Currently, documentation on the effects of psychedelics on psychosis appears scarce. In the present case, a higher-dose LSD experience during acute paranoid psychosis before the initiation of antipsychotics induced feelings of love, which resolved the majority of the symptoms of the paranoid psychosis in one session, leading the person to reconnect with his family and seek treatment in a psychiatric hospital. The session did not resolve schizoaffective disorder, however. More than a decade later, while using the antipsychotic aripiprazole, concurrent self-administration of ketamine induced psychedelic effects that appeared to allow for practicing 'grounding' of psychotic thoughts. Immediately afterwards, daily self-administration of psycholytic doses of LSD for four weeks caused a mood-enhancing effect that enabled the patient to successfully discontinue aripiprazole without the return of psychotic symptoms.

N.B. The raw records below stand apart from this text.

lemma length_matrix_of_prefix [simp]: "length (matrix_of_prefix n len Q) = len"
  by (simp add: matrix_of_prefix_def)

lemma top_sum_matrix_of_prefix:
  assumes "Q 0 = (\<lambda>_. 0)" "k \<le> len" "1 \<le> i" "i \<le> j" "j \<le> n"
  shows "top_sum (matrix_of_prefix n len Q) k i j = Q k j - Q k (i - 1)"
  using assms(2)
proof (induction k)
  case 0
  then show ?case using assms(1) by simp
next
  case (Suc k)
  then show ?case
    using row_int_sum_row_of_prefix[OF assms(3-5)] by (simp add: matrix_of_prefix_def)
qed

lemma valid_matrix_matrix_of_prefix:
  assumes "1 \<le> len" "\<And>k m. k \<le> len \<Longrightarrow> \<bar>Q k m\<bar> \<le> K" "4 * K < 2 ^ b"
  shows "valid_matrix n b (matrix_of_prefix n len Q)"
  unfolding valid_matrix_def
proof (intro conjI ballI)
  show "matrix_of_prefix n len Q \<noteq> []"
    using assms(1) by (simp add: matrix_of_prefix_def)
  fix row assume "row \<in> set (matrix_of_prefix n len Q)"
  then obtain t where row: "row = row_of_prefix n (\<lambda>m. Q (Suc t) m - Q t m)" "t < len"
    by (auto simp: matrix_of_prefix_def)
  then show "length row = n"
    by (simp add: row_of_prefix_def)
  have step_bound: "\<bar>Q (Suc t) m - Q t m\<bar> \<le> 2 * K" for m
    using assms(2)[of "Suc t" m] assms(2)[of t m] row(2) by linarith
  fix y assume "y \<in> set row"
  then have "\<bar>y\<bar> \<le> 2 * (2 * K)"
    using abs_le_row_of_prefix[OF step_bound] row(1) by simp
  then show "\<bar>y\<bar> < 2 ^ b"
    using assms(3) by linarith
qed

lemma card_bool_lists_shorter: "card {xs :: bool list. length xs < N} = 2 ^ N - 1"
proof -
  have "{xs :: bool list. length xs < N} = (\<Union>i<N. {xs. set xs \<subseteq> UNIV \<and> length xs = i})"
    by auto
  also have "card \<dots> = (\<Sum>i<N. 2 ^ i)"
    using card_lists_length_eq[of "UNIV :: bool set"] finite_lists_length_eq[of "UNIV :: bool set"]
    by (subst card_UN_disjoint) auto
  also have "\<dots> = 2 ^ N - 1"
    by (simp add: sum_power2 atLeast0LessThan[symmetric])
  finally show ?thesis .
qed

lemma finite_bool_lists_shorter: "finite {xs :: bool list. length xs < N}"
  using finite_lists_length_le[of "UNIV :: bool set" N] by (rule rev_finite_subset) auto

lemma inj_on_bool_lists_long:
  fixes f :: "'a \<Rightarrow> bool list"
  assumes "inj_on f X" "finite X" "2 ^ N \<le> card X"
  shows "\<exists>x\<in>X. N \<le> length (f x)"
proof (rule ccontr)
  assume "\<not> ?thesis"
  then have "f ` X \<subseteq> {xs. length xs < N}"
    by auto
  then have "card (f ` X) \<le> 2 ^ N - 1"
    using card_mono[OF finite_bool_lists_shorter] card_bool_lists_shorter by metis
  moreover have "card (f ` X) = card X"
    by (rule card_image[OF assms(1)])
  moreover have "0 < (2::nat) ^ N" by simp
  ultimately show False
    using assms(3) by linarith
qed

lemma divide_conquer_inj_on:
  assumes dc: "divide_conquer n b s join"
    and valid: "\<And>x. x \<in> X \<Longrightarrow> valid_matrix n b (A x)"
    and separating: "\<And>x y. x \<in> X \<Longrightarrow> y \<in> X \<Longrightarrow> x \<noteq> y \<Longrightarrow>
      \<exists>B. valid_matrix n b B \<and> mu n (B @ A x) \<noteq> mu n (B @ A y)"
  shows "inj_on (\<lambda>x. s (A x)) X"
proof (rule inj_onI, rule ccontr)
  note join_law = conjunct1[OF dc[unfolded divide_conquer_def], rule_format]
    and mu_law = conjunct2[OF dc[unfolded divide_conquer_def], rule_format]
  fix x y assume x: "x \<in> X" and y: "y \<in> X" and same: "s (A x) = s (A y)" and "x \<noteq> y"
  then obtain B where B: "valid_matrix n b B" "mu n (B @ A x) \<noteq> mu n (B @ A y)"
    using separating by blast
  have "s (B @ A x) = s (B @ A y)"
    using join_law[OF B(1) valid[OF x]] join_law[OF B(1) valid[OF y]] same by simp
  then have "mu n (B @ A x) = mu n (B @ A y)"
    by (rule mu_law[OF valid_matrix_append[OF B(1) valid[OF x]]
          valid_matrix_append[OF B(1) valid[OF y]]])
  with B(2) show False ..
qed

(* The pair (a, b) stands for the column interval [a+1 : b]. *)
definition index_pairs :: "nat \<Rightarrow> (nat \<times> nat) set" where
  "index_pairs n = {(a, b). a < b \<and> b \<le> n}"

lemma finite_index_pairs: "finite (index_pairs n)"
  by (rule finite_subset[of _ "{..n} \<times> {..n}"]) (auto simp: index_pairs_def)

lemma card_index_pairs: "card (index_pairs n) = n * (n + 1) div 2"
proof -
  have "2 * card (index_pairs n) = n * (n + 1)"
  proof (induction n)
    case 0
    have "index_pairs 0 = {}" by (auto simp: index_pairs_def)
    then show ?case by simp
  next
    case (Suc n)
    have "index_pairs (Suc n) = index_pairs n \<union> (\<lambda>a. (a, Suc n)) ` {..n}"
      by (auto simp: index_pairs_def)
    moreover have "index_pairs n \<inter> (\<lambda>a. (a, Suc n)) ` {..n} = {}"
      by (auto simp: index_pairs_def)
    moreover have "card ((\<lambda>a. (a, Suc n)) ` {..n}) = Suc n"
      by (simp add: card_image inj_on_def)
    ultimately have "card (index_pairs (Suc n)) = card (index_pairs n) + Suc n"
      by (simp add: card_Un_disjoint[OF finite_index_pairs])
    then show ?case using Suc.IH by simp
  qed
  then show ?thesis by simp
qed

definition spike :: "nat \<times> nat \<Rightarrow> int \<Rightarrow> int \<Rightarrow> nat \<Rightarrow> int" where
  "spike P u v m = (if m = snd P then u else 0) - (if m = fst P then v else 0)"

lemma spike_diff_own: "fst P < snd P \<Longrightarrow> spike P u v (snd P) - spike P u v (fst P) = u + v"
  by (simp add: spike_def)

lemma spike_diff_other:
  "fst P < snd P \<Longrightarrow> i < j \<Longrightarrow> (i, j) \<noteq> P \<Longrightarrow> 0 \<le> v \<Longrightarrow> v \<le> u \<Longrightarrow>
    spike P u v j - spike P u v i \<le> u"
  by (cases P) (auto simp: spike_def)

lemma abs_spike_le: "0 \<le> u \<Longrightarrow> 0 \<le> v \<Longrightarrow> \<bar>spike P u v m\<bar> \<le> u + v"
  by (auto simp: spike_def)

lemma twelve_times_power_less:
  assumes "1 \<le> k"
  shows "12 * 2 ^ k < (2::int) ^ (5 * k)"
proof -
  have "(2::int) ^ (k + 4) \<le> 2 ^ (5 * k)"
    using assms by (intro power_increasing) auto
  moreover have "(2::int) ^ (k + 4) = 16 * 2 ^ k"
    by (simp add: power_add)
  moreover have "(0::int) < 2 ^ k" by simp
  ultimately show ?thesis by linarith
qed

definition code_prefix ::
  "nat \<Rightarrow> (nat \<Rightarrow> nat \<times> nat) \<Rightarrow> (nat \<Rightarrow> nat) \<Rightarrow> nat \<Rightarrow> nat \<Rightarrow> int" where
  "code_prefix k p x s =
    (if s = 0 then (\<lambda>_. 0) else spike (p (s - 1)) (2 ^ k + int (x (s - 1))) (2 ^ k))"

definition code_matrix ::
  "nat \<Rightarrow> nat \<Rightarrow> nat \<Rightarrow> (nat \<Rightarrow> nat \<times> nat) \<Rightarrow> (nat \<Rightarrow> nat) \<Rightarrow> int list list" where
  "code_matrix n r k p x = matrix_of_prefix n r (code_prefix k p x)"

lemma length_code_matrix [simp]: "length (code_matrix n r k p x) = r"
  by (simp add: code_matrix_def)

definition probe_row :: "nat \<Rightarrow> nat \<Rightarrow> nat \<times> nat \<Rightarrow> int list" where
  "probe_row n k P = row_of_prefix n (spike P (2 * 2 ^ k) (2 * 2 ^ k))"

lemma valid_probe_row:
  assumes "1 \<le> k"
  shows "valid_matrix n (5 * k) [probe_row n k P]"
proof -
  have "\<bar>spike P (2 * 2 ^ k) (2 * 2 ^ k) m\<bar> \<le> 4 * 2 ^ k" for m
    using abs_spike_le[of "2 * 2 ^ k" "2 * 2 ^ k" P m] by simp
  moreover have "(0::int) < 2 ^ k" by simp
  then have "2 * (4 * 2 ^ k) < (2::int) ^ (5 * k)"
    using twelve_times_power_less[OF assms] by linarith
  ultimately show ?thesis
    unfolding probe_row_def by (rule valid_matrix_row_of_prefix)
qed

locale interval_encoding =
  fixes n r k :: nat and p :: "nat \<Rightarrow> nat \<times> nat" and x :: "nat \<Rightarrow> nat"
  assumes pair: "\<And>t. t < r \<Longrightarrow> fst (p t) < snd (p t) \<and> snd (p t) \<le> n"
    and inj_pairs: "inj_on p {..<r}"
    and digit: "\<And>t. t < r \<Longrightarrow> x t < 2 ^ k"
begin

lemma digit_int: "t < r \<Longrightarrow> int (x t) < 2 ^ k"
  using digit[of t] by (metis of_nat_less_iff of_nat_numeral of_nat_power)

lemma code_prefix_Suc: "code_prefix k p x (Suc s) = spike (p s) (2 ^ k + int (x s)) (2 ^ k)"
  by (simp add: code_prefix_def)

lemma code_prefix_diff_le:
  assumes "s \<le> r" "i < j"
  shows "code_prefix k p x s j - code_prefix k p x s i < 3 * 2 ^ k"
proof (cases s)
  case 0
  then show ?thesis by (simp add: code_prefix_def)
next
  case (Suc s')
  then have s': "s' < r" using assms(1) by simp
  have "spike (p s') (2 ^ k + int (x s')) (2 ^ k) j - spike (p s') (2 ^ k + int (x s')) (2 ^ k) i
      \<le> 2 * 2 ^ k + int (x s')"
  proof (cases "(i, j) = p s'")
    case True
    then have "i = fst (p s')" "j = snd (p s')"
      by (metis fst_conv, metis snd_conv)
    then show ?thesis using spike_diff_own[of "p s'"] pair[OF s'] by simp
  next
    case False
    then have "spike (p s') (2 ^ k + int (x s')) (2 ^ k) j -
        spike (p s') (2 ^ k + int (x s')) (2 ^ k) i \<le> 2 ^ k + int (x s')"
      using pair[OF s'] assms(2) by (intro spike_diff_other) auto
    moreover have "(0::int) \<le> 2 ^ k" by simp
    ultimately show ?thesis by linarith
  qed
  then show ?thesis
    unfolding Suc code_prefix_Suc using digit_int[OF s'] by linarith
qed

lemma code_prefix_diff_own:
  assumes "t < r"
  shows "code_prefix k p x (Suc t) (snd (p t)) - code_prefix k p x (Suc t) (fst (p t)) =
    2 * 2 ^ k + int (x t)"
  using spike_diff_own pair[OF assms] by (simp add: code_prefix_Suc)

lemma code_prefix_diff_at_pair_le:
  assumes "s \<le> r" "t < r"
  shows "code_prefix k p x s (snd (p t)) - code_prefix k p x s (fst (p t)) \<le> 2 * 2 ^ k + int (x t)"
proof (cases s)
  case 0
  then show ?thesis by (simp add: code_prefix_def)
next
  case (Suc s')
  then have s': "s' < r" using assms(1) by simp
  show ?thesis
  proof (cases "s' = t")
    case True
    then show ?thesis using code_prefix_diff_own[OF assms(2)] Suc by simp
  next
    case False
    then have "(fst (p t), snd (p t)) \<noteq> p s'"
      using inj_onD[OF inj_pairs] s' assms(2) by fastforce
    then have "spike (p s') (2 ^ k + int (x s')) (2 ^ k) (snd (p t)) -
        spike (p s') (2 ^ k + int (x s')) (2 ^ k) (fst (p t)) \<le> 2 ^ k + int (x s')"
      using pair[OF s'] pair[OF assms(2)] by (intro spike_diff_other) auto
    then show ?thesis
      unfolding Suc code_prefix_Suc using digit_int[OF s'] by linarith
  qed
qed

lemma abs_code_prefix_le: "s \<le> r \<Longrightarrow> \<bar>code_prefix k p x s m\<bar> \<le> 3 * 2 ^ k"
proof (cases s)
  case (Suc s')
  assume "s \<le> r"
  then have "int (x s') < 2 ^ k" using Suc digit_int by simp
  moreover have "\<bar>spike (p s') (2 ^ k + int (x s')) (2 ^ k) m\<bar> \<le> 2 ^ k + int (x s') + 2 ^ k"
    by (rule abs_spike_le) auto
  ultimately show ?thesis
    unfolding Suc code_prefix_Suc by linarith
qed (simp add: code_prefix_def)

lemma valid_code_matrix:
  assumes "1 \<le> k" "1 \<le> r"
  shows "valid_matrix n (5 * k) (code_matrix n r k p x)"
  unfolding code_matrix_def
proof (rule valid_matrix_matrix_of_prefix[OF assms(2) abs_code_prefix_le])
  show "4 * (3 * 2 ^ k) < (2::int) ^ (5 * k)"
    using twelve_times_power_less[OF assms(1)] by simp
qed

lemma top_sum_code_matrix:
  assumes "s \<le> r" "1 \<le> i" "i \<le> j" "j \<le> n"
  shows "top_sum (code_matrix n r k p x) s i j = code_prefix k p x s j - code_prefix k p x s (i - 1)"
  unfolding code_matrix_def
  by (rule top_sum_matrix_of_prefix[OF _ assms]) (simp add: code_prefix_def fun_eq_iff)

No psychotic or other noticeable symptoms could be observed during two interviews conducted in the two months following the discontinuation of the antipsychotic. The mechanisms of action remain unexplored, and their possible generalizability to other cases remains unclear, but the observations may serve as a basis for further research. It may, for example, be that chronic use of LSD induces a tolerance to its psychedelic effects but not to its anti-inflammatory or other possibly unknown effects, which may be related to the observed mood-enhancing effect. A preclinical study from 1971 appeared consistent with the claimed effect. In the present case, paranoia, i.e., the hypersensitivity to potential threats, was partly due to childhood trauma, partly intentionally induced by military training, and partly accentuated by war experiences. It could not be 'turned off'. Fear related to the uncertainty of survival formed the core of psychosis; without the fear, psychosis would likely not have existed. Paranoid psychosis presented itself as a biased estimation of probabilities of possible adverse outcomes, as a mismatch between the past and the present.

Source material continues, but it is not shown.